By Marleen Kaesebier and Maria Rugamer
-Deutsche Telekom reported second quarter core profit in line with analyst expectations on Thursday but its shares fell as much as 6% as investors focused on weaker results in its domestic market.
The Germany-based telecoms giant reported second quarter adjusted earnings before interest, taxes and amortization after leases (EBITDA AL) of 11 billion euros ($13 billion). That compared with the 10.95 billion euros expected by analysts in a company provided poll.
In its home market, revenues declined 1.3% from last year.
A local trader said that performance in Germany was mixed, in part due to stronger competition.
Competitor Vodafone in July said it is close to returning to growth in Germany, its biggest market, after struggling with a German regulation change for selling cable television to apartments that seemed to benefit Deutsche Telekom.
While Deutsche Telekom’s mobile customers in Germany grew 1.9% from March, it lost 20,000 broadband lines in the country, J.P. Morgan analyst Akhil Dattani wrote in a note. He added that this followed a similarly weak performance from Vodafone.
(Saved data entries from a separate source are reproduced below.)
section \<open>Choice of the dyadic level\<close>

text \<open>The squared amplitude at level \<open>j\<close>: a sign perturbation of the \<open>2^j - 1\<close> coordinates
  \<open>k \<in> (2^j, 2^(j+1))\<close> adds at most \<open>1\<close> to the squared Sobolev-\<open>r\<close> norm.\<close>
definition level_amp :: "real \<Rightarrow> nat \<Rightarrow> real" where
  "level_amp r j = 1 / (2 ^ j * (2 ^ (j + 1)) powr (2 * r))"

lemma level_amp_pos: "0 < level_amp r j"
  by (simp add: level_amp_def)

lemma exists_power_of_two_between:
  fixes x :: real
  assumes x: "1 < x"
  obtains j :: nat where "x \<le> 2 ^ j" "2 ^ j \<le> 2 * x" "1 \<le> j"
proof
  define j where "j = nat \<lceil>log 2 x\<rceil>"
  have lx: "0 < log 2 x"
    using x by simp
  have "real j = real_of_int \<lceil>log 2 x\<rceil>"
    unfolding j_def using lx by simp
  then have pj: "(2::real) ^ j = 2 powr real_of_int \<lceil>log 2 x\<rceil>"
    by (simp add: powr_realpow flip: \<open>real j = _\<close>)
  have "x = 2 powr (log 2 x)"
    using x by simp
  also have "\<dots> \<le> 2 ^ j"
    unfolding pj by (intro powr_mono) auto
  finally show "x \<le> 2 ^ j" .
  have "(2::real) ^ j \<le> 2 powr (log 2 x + 1)"
    unfolding pj by (intro powr_mono) linarith+
  also have "\<dots> = 2 * x"
    using x by (simp add: powr_add)
  finally show "2 ^ j \<le> 2 * x" .
  show "1 \<le> j"
    unfolding j_def using lx by linarith
qed

lemma level_amp_bounds:
  fixes r x :: real and n :: nat
  assumes r: "0 < r" and x: "1 < x"
  obtains j where "x powr (- (2 * r)) / (2 * 4 powr (2 * r)) \<le> (2 ^ j - 1) * level_amp r j"
    and "(2 ^ j - 1) * (real n * level_amp r j)\<^sup>2 \<le> (real n)\<^sup>2 * x powr (- (1 + 4 * r))"
proof -
  obtain j where px: "x \<le> 2 ^ j" and p2x: "2 ^ j \<le> 2 * x" and j: "1 \<le> j"
    using exists_power_of_two_between[OF x] .
  define p where "p = (2::real) ^ j"
  have p2: "2 \<le> p"
    unfolding p_def using j by (metis power_one_right power_increasing one_le_numeral)
  have amp: "level_amp r j = 1 / (p * (2 * p) powr (2 * r))"
    by (simp add: level_amp_def p_def)
  have q_pos: "0 < (2 * p) powr (2 * r)"
    using p2 by simp
  have "x powr (- (2 * r)) / (2 * 4 powr (2 * r)) = 1 / (2 * (4 * x) powr (2 * r))"
    using x by (simp add: powr_mult powr_minus divide_simps)
  also have "\<dots> \<le> 1 / (2 * (2 * p) powr (2 * r))"
    using x p2 p2x r q_pos by (intro divide_left_mono mult_left_mono powr_mono2) (auto simp: p_def)
  also have "\<dots> = p / 2 * level_amp r j"
    unfolding amp using p2 by (simp add: field_simps)
  also have "\<dots> \<le> (p - 1) * level_amp r j"
    using p2 by (intro mult_right_mono) (auto simp: amp q_pos less_imp_le)
  finally have sep: "x powr (- (2 * r)) / (2 * 4 powr (2 * r)) \<le> (2 ^ j - 1) * level_amp r j"
    by (simp add: p_def)
  have "(p - 1) * (real n * level_amp r j)\<^sup>2 \<le> p * (real n * level_amp r j)\<^sup>2"
    by (intro mult_right_mono) auto
  also have "\<dots> = (real n)\<^sup>2 / (p * ((2 * p) powr (2 * r))\<^sup>2)"
    unfolding amp using p2 q_pos by (simp add: field_simps power2_eq_square)
  also have "((2 * p) powr (2 * r))\<^sup>2 = (2 * p) powr (4 * r)"
    using p2 by (simp add: power2_eq_square flip: powr_add)
  also have "(real n)\<^sup>2 / (p * (2 * p) powr (4 * r)) \<le> (real n)\<^sup>2 / (x * x powr (4 * r))"
    using x px p2 r by (intro divide_left_mono mult_mono powr_mono2) (auto simp: p_def)
  also have "x * x powr (4 * r) = x powr (1 + 4 * r)"
    using x by (simp add: powr_add)
  finally have "(2 ^ j - 1) * (real n * level_amp r j)\<^sup>2 \<le> (real n)\<^sup>2 * x powr (- (1 + 4 * r))"
    unfolding powr_minus by (simp add: p_def divide_inverse)
  with sep show ?thesis
    by (rule that)
qed

lemma level_amp_bounds_powr:
  fixes r a :: real and n :: nat
  assumes r: "0 < r" and a: "0 < a" and n: "2 \<le> n"
  defines "C \<equiv> 1 / (2 * 4 powr (2 * r))"
  obtains j where "sqrt C * real n powr (- (a * r)) \<le> sqrt ((2 ^ j - 1) * level_amp r j)"
    and "(2 ^ j - 1) * (real n * level_amp r j)\<^sup>2 \<le> real n powr (2 - a * (1 + 4 * r))"
proof -
  have n': "0 < real n"
    using n by simp
  have x: "1 < real n powr a"
    using n a by (intro gr_one_powr) auto
  obtain j where sep: "(real n powr a) powr (- (2 * r)) / (2 * 4 powr (2 * r)) \<le> (2 ^ j - 1) * level_amp r j"
    and chi: "(2 ^ j - 1) * (real n * level_amp r j)\<^sup>2 \<le> (real n)\<^sup>2 * (real n powr a) powr (- (1 + 4 * r))"
    by (rule level_amp_bounds[OF r x, where n = n])
  have "(real n powr (- (a * r)))\<^sup>2 = (real n powr a) powr (- (2 * r))"
    by (simp add: power2_eq_square powr_powr flip: powr_add) (simp add: mult.left_commute)
  then have "(sqrt C * real n powr (- (a * r)))\<^sup>2 \<le> (2 ^ j - 1) * level_amp r j"
    using sep by (simp add: C_def power_mult_distrib)
  then have sep': "sqrt C * real n powr (- (a * r)) \<le> sqrt ((2 ^ j - 1) * level_amp r j)"
    by (rule real_le_rsqrt)
  have "(real n)\<^sup>2 * (real n powr a) powr (- (1 + 4 * r)) = real n powr (2 + a * (- (1 + 4 * r)))"
    using n' by (simp add: powr_powr powr_add powr_realpow)
  then have "(real n)\<^sup>2 * (real n powr a) powr (- (1 + 4 * r)) = real n powr (2 - a * (1 + 4 * r))"
    by (simp add: algebra_simps)
  then show ?thesis
    using sep' chi by (intro that) auto
qed

lemma eventually_level_separated:
  fixes r r' d :: real and rn :: "nat \<Rightarrow> real"
  assumes r: "0 < r" "r < r'" and d: "0 < d"
    and rn: "rn \<in> o(\<lambda>n. real n powr (- (r' / (2 * r' + 1/2))))"
  shows "eventually (\<lambda>n. \<exists>j. rn n < sqrt ((2 ^ j - 1) * level_amp r j)
           \<and> (2 ^ j - 1) * (real n * level_amp r j)\<^sup>2 \<le> d) sequentially"
proof -
  define \<rho> where "\<rho> = r' / (2 * r' + 1/2)"
  define a where "a = \<rho> / r"
  define e where "e = a * (1 + 4 * r) - 2"
  define C where "C = 1 / (2 * 4 powr (2 * r))"
  have a: "0 < a" "a * r = \<rho>" and C: "0 < C"
    using r by (simp_all add: \<rho>_def a_def C_def)
  \<comment> \<open>\<open>e > 0\<close> is exactly the hypothesis \<open>r < r'\<close>\<close>
  have e: "0 < e"
  proof -
    have "a * (1 + 4 * r) = 2 * r' * (4 * r + 1) / (r * (4 * r' + 1))"
      using r by (simp add: a_def \<rho>_def field_simps)
    moreover have "r * (4 * r' + 1) < r' * (4 * r + 1)" and "0 < r * (4 * r' + 1)"
      using r by (simp_all add: algebra_simps add_pos_pos)
    ultimately show ?thesis
      by (simp add: e_def less_divide_eq)
  qed
  have small_rn: "eventually (\<lambda>n. \<bar>rn n\<bar> \<le> sqrt C / 2 * real n powr (- \<rho>)) sequentially"
    using landau_o.smallD[OF rn, of "sqrt C / 2"] C by (simp add: \<rho>_def)
  have "((\<lambda>n. real n powr (- e)) \<longlongrightarrow> 0) sequentially"
    using e by (intro tendsto_neg_powr filterlim_real_sequentially) auto
  then have small_chi: "eventually (\<lambda>n. real n powr (- e) < d) sequentially"
    using d by (rule order_tendstoD(2))
  show ?thesis
    using small_rn small_chi eventually_ge_at_top[of 2]
  proof eventually_elim
    case (elim n)
    obtain j where sep: "sqrt C * real n powr (- \<rho>) \<le> sqrt ((2 ^ j - 1) * level_amp r j)"
      and chi: "(2 ^ j - 1) * (real n * level_amp r j)\<^sup>2 \<le> real n powr (- e)"
      using level_amp_bounds_powr[OF r(1) a(1) elim(3)] by (auto simp: a(2) e_def C_def)
    have "0 < sqrt C * real n powr (- \<rho>)"
      using C elim(3) by simp
    then have "rn n < sqrt ((2 ^ j - 1) * level_amp r j)"
      using elim(1) sep by (simp add: field_simps)
    then show ?case
      using chi elim(2) by auto
  qed
qed

section \<open>The dyadic test function and sign perturbations\<close>

definition dyadic_fun :: "real \<Rightarrow> nat \<Rightarrow> real" where
  "dyadic_fun u k = (if k \<in> range (\<lambda>i. 2 ^ Suc i) then real k powr (- u) else 0)"

lemma dyadic_fun_0 [simp]: "dyadic_fun u 0 = 0"
  unfolding dyadic_fun_def by auto

lemma dyadic_fun_power: "dyadic_fun u (2 ^ Suc i) = 2 powr (- u * real (Suc i))"
proof -
  have "real (2 ^ Suc i) = 2 powr real (Suc i)"
    by (metis of_nat_numeral of_nat_power powr_realpow zero_less_numeral)
  then have "real (2 ^ Suc i) powr (- u) = 2 powr (- u * real (Suc i))"
    by (simp add: powr_powr mult.commute)
  then show ?thesis
    unfolding dyadic_fun_def by auto
qed

lemma dyadic_fun_level_eq_0:
  assumes "k \<in> {2 ^ j<..<2 ^ (j + 1)}"
  shows "dyadic_fun u k = 0"
proof -
  have "k \<noteq> 2 ^ Suc i" for i
  proof
    assume "k = 2 ^ Suc i"
    then have "(2::nat) ^ j < 2 ^ Suc i" "(2::nat) ^ Suc i < 2 ^ (j + 1)"
      using assms by auto
    then have "j < Suc i" "Suc i < j + 1"
      by (simp_all only: power_strict_increasing_iff[of 2] one_less_numeral_iff semiring_norm(76))
    then show False by simp
  qed
  then show ?thesis
    unfolding dyadic_fun_def by auto
qed

lemma summable_dyadic_fun_sob:
  assumes "t < u"
  shows "summable (\<lambda>k. (dyadic_fun u k)\<^sup>2 * real k powr (2 * t))"
proof -
  define q where "q = (2::real) powr (2 * t - 2 * u)"
  have q: "0 < q" "q < 1"
    using assms by (auto simp: q_def powr_less_one)
  have dyadic_term: "(dyadic_fun u (2 ^ Suc i))\<^sup>2 * real (2 ^ Suc i :: nat) powr (2 * t) = q * q ^ i" for i
  proof -
    have "real (2 ^ Suc i :: nat) = 2 powr real (Suc i)"
      by (metis of_nat_numeral of_nat_power powr_realpow zero_less_numeral)
    then have "real (2 ^ Suc i :: nat) powr (2 * t) = 2 powr (2 * t * real (Suc i))"
      by (simp add: powr_powr mult.commute)
    moreover have "(dyadic_fun u (2 ^ Suc i))\<^sup>2 = 2 powr (- 2 * u * real (Suc i))"
      by (subst dyadic_fun_power) (simp add: power2_eq_square mult.assoc flip: powr_add)
    ultimately have "(dyadic_fun u (2 ^ Suc i))\<^sup>2 * real (2 ^ Suc i :: nat) powr (2 * t)
        = 2 powr ((2 * t - 2 * u) * real (Suc i))"
      by (simp add: algebra_simps flip: powr_add)
    also have "\<dots> = q powr real (Suc i)"
      by (simp add: q_def powr_powr)
    also have "\<dots> = q ^ Suc i"
      by (rule powr_realpow[OF q(1)])
    finally show ?thesis
      by simp
  qed
  have "summable (\<lambda>i. q * q ^ i)"
    using q by (intro summable_mult summable_geometric) auto
  then have "summable (\<lambda>i. (dyadic_fun u (2 ^ Suc i))\<^sup>2 * real (2 ^ Suc i :: nat) powr (2 * t))"
    by (simp only: dyadic_term)
  moreover have "strict_mono (\<lambda>i::nat. (2::nat) ^ Suc i)"
    by (intro strict_monoI) simp
  ultimately show ?thesis
    by (subst summable_mono_reindex[symmetric]) (auto simp: dyadic_fun_def)
qed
Telekom’s IT service provider unit, T-Systems, meanwhile saw an order entry increase of 20.5% from last year, particularly in road charging and digital areas, the company said.
The unit is at the forefront of a collaboration with Nvidia announced in June to establish an artificial intelligence cloud for European manufacturers in Germany.
Deutsche Telekom is also in the process of seeking European Union support to build an AI data processing centre in Germany.
The group slightly raised its core profit guidance for 2025 on Thursday, now expecting more than 45 billion euros, adjusted from around 45 billion euros expected before.
It also adjusted its free cash flow AL expectations for 2025, now expecting over 20 billion euros from around 20 billion euros.
The new guidance comes after its New York listed subsidiary T-Mobile US in July raised its annual forecast for postpaid net customer additions after adding more wireless subscribers than expected in the second quarter.
Deutsche Telekom shares were down 4.1% at 0730 GMT, paring losses after falling as much as 6.1%.